**Aim of the task:**
Return copies of the lines below that mention "dimensional".

**Available data:**

(* Let $\mathbb{X},\mathbb{Y}$ be two-dimensional smooth real Banach spaces, with $\mathbb{Y}$ in addition strictly convex. Let $T\in\mathbb{L}(\mathbb{X},\mathbb{Y})$ be of rank one with $\|T\|=1$. If $(x,Tx)$ is not a CPP for some $x\in M_T$, then $T$ is an extreme contraction.
   Context: $M_T=\{x\in S_{\mathbb{X}}:\|Tx\|=\|T\|\}$. A norm one $T$ is an extreme contraction if it is an extreme point of the closed unit ball of $\mathbb{L}(\mathbb{X},\mathbb{Y})$. $B(x,r)=\{u:\|u-x\|<r\}$. $x\perp_B y$ means $\|x+\lambda y\|\ge\|x\|$ for all real $\lambda$; $x^\perp=\{y:x\perp_By\}$. For $x\in S_{\mathbb{X}}$, $y\in S_{\mathbb{Y}}$, $(x,y)$ is a CPP if there exist $r>0,\mu>0$ such that for all $z\in x^\perp\cap S_{\mathbb{X}}$, all $w\in y^\perp\cap S_{\mathbb{Y}}$ and all $a,b\in\mathbb{R}$, $ax+bz\in B(x,r)\cap S_{\mathbb{X}}$ implies $\|ay+b\mu w\|\le1$. *)

theory Defs
  imports "HOL-Analysis.Analysis"
begin

definition smooth_space :: "'a::real_normed_vector itself \<Rightarrow> bool" where
  "smooth_space _ \<longleftrightarrow>
     (\<forall>x::'a. norm x = 1 \<longrightarrow> (\<exists>!f::'a \<Rightarrow>\<^sub>L real. norm f = 1 \<and> blinfun_apply f x = 1))"

definition strictly_convex_space :: "'a::real_normed_vector itself \<Rightarrow> bool" where
  "strictly_convex_space _ \<longleftrightarrow>
     (\<forall>x y::'a. norm x = 1 \<longrightarrow> norm y = 1 \<longrightarrow> x \<noteq> y \<longrightarrow> norm ((1/2) *\<^sub>R (x + y)) < 1)"

definition birkhoff_orth :: "'a::real_normed_vector \<Rightarrow> 'a \<Rightarrow> bool" where
  "birkhoff_orth x y \<longleftrightarrow> (\<forall>t::real. norm (x + t *\<^sub>R y) \<ge> norm x)"

definition norm_attain_set :: "('a::real_normed_vector \<Rightarrow>\<^sub>L 'b::real_normed_vector) \<Rightarrow> 'a set" where
  "norm_attain_set T = {x. norm x = 1 \<and> norm (blinfun_apply T x) = norm T}"

definition CPP :: "'a::real_normed_vector \<Rightarrow> 'b::real_normed_vector \<Rightarrow> bool" where
  "CPP x y \<longleftrightarrow> norm x = 1 \<and> norm y = 1 \<and>
     (\<exists>r>0. \<exists>\<mu>>0. \<forall>z w a b.
        birkhoff_orth x z \<longrightarrow> norm z = 1 \<longrightarrow> birkhoff_orth y w \<longrightarrow> norm w = 1 \<longrightarrow>
        (a *\<^sub>R x + b *\<^sub>R z \<in> ball x r \<and> norm (a *\<^sub>R x + b *\<^sub>R z) = 1) \<longrightarrow>
        norm (a *\<^sub>R y + (b * \<mu>) *\<^sub>R w) \<le> 1)"

definition extreme_contraction :: "('a::real_normed_vector \<Rightarrow>\<^sub>L 'b::real_normed_vector) \<Rightarrow> bool" where
  "extreme_contraction T \<longleftrightarrow> norm T = 1 \<and> T extreme_point_of (cball 0 1)"

end

theory Submission
  imports Defs
begin

text \<open>Suppose \<open>T\<close> is not extreme, so \<open>\<parallel>T \<plusminus> S\<parallel> \<le> 1\<close> for some \<open>S \<noteq> 0\<close>, and let \<open>x \<in> M\<^sub>T\<close>, \<open>y = T x\<close>.
  Strict convexity of \<open>\<Y>\<close> forces \<open>S x = 0\<close>. If \<open>h\<close> is the supporting functional at \<open>y\<close>, then
  \<open>h \<circ> T\<close> and \<open>h \<circ> (T + S)\<close> both support the unit ball of \<open>\<X>\<close> at \<open>x\<close>, so by smoothness they vanish on
  \<open>x\<^sup>\<bottom>\<close>; as \<open>T\<close> has rank one, \<open>T\<close> itself vanishes there and \<open>S\<close> maps \<open>x\<^sup>\<bottom>\<close> into \<open>ker h = y\<^sup>\<bottom>\<close>.
  In dimension two \<open>x\<^sup>\<bottom>\<close> and \<open>y\<^sup>\<bottom>\<close> are lines, so \<open>S z = \<plusminus>\<mu> w\<close> for unit \<open>z \<in> x\<^sup>\<bottom>\<close>, \<open>w \<in> y\<^sup>\<bottom>\<close>
  and a fixed \<open>\<mu> > 0\<close>. Hence \<open>a y + b \<mu> w = (T \<plusminus> S)(a x + b z)\<close> has norm at most
  \<open>\<parallel>a x + b z\<parallel>\<close>, i.e. \<open>(x, y)\<close> is a CPP (for any radius).\<close>

lemma independent_card_eq_dim_span:
  fixes B V :: "'a::real_vector set"
  assumes "B \<subseteq> V" "independent B" "finite B" "card B = dim V" "card B > 0"
  shows "V \<subseteq> span B"
  \<comment> \<open>\<open>card B > 0\<close> matters: \<open>dim\<close> is \<open>0\<close> on infinite-dimensional spaces.\<close>
proof
  fix p assume "p \<in> V"
  show "p \<in> span B"
  proof (rule ccontr)
    assume p: "p \<notin> span B"
    then have ind: "independent (insert p B)"
      using assms(2) by (rule independent_insertI)
    obtain A where A: "A \<subseteq> V" "independent A" "V \<subseteq> span A" "card A = dim V"
      by (rule basis_exists)
    have "finite A"
      using A(4) assms(4,5) card_ge_0_finite[of A] by simp
    moreover have "insert p B \<subseteq> span A"
      using A(3) assms(1) \<open>p \<in> V\<close> by auto
    ultimately have "card (insert p B) \<le> card A"
      using independent_span_bound[OF _ ind] by blast
    moreover have "card (insert p B) = card B + 1"
      using p span_base assms(3) by (metis Suc_eq_plus1 card_insert_disjoint)
    ultimately show False
      using assms(4) A(4) by linarith
  qed
qed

**Written response:**
(* Let $\mathbb{X},\mathbb{Y}$ be two-dimensional smooth real Banach spaces, with $\mathbb{Y}$ in addition strictly convex. Let $T\in\mathbb{L}(\mathbb{X},\mathbb{Y})$ be of rank one with $\|T\|=1$. If $(x,Tx)$ is not a CPP for some $x\in M_T$, then $T$ is an extreme contraction.
  \<comment> \<open>\<open>card B > 0\<close> matters: \<open>dim\<close> is \<open>0\<close> on infinite-dimensional spaces.\<close>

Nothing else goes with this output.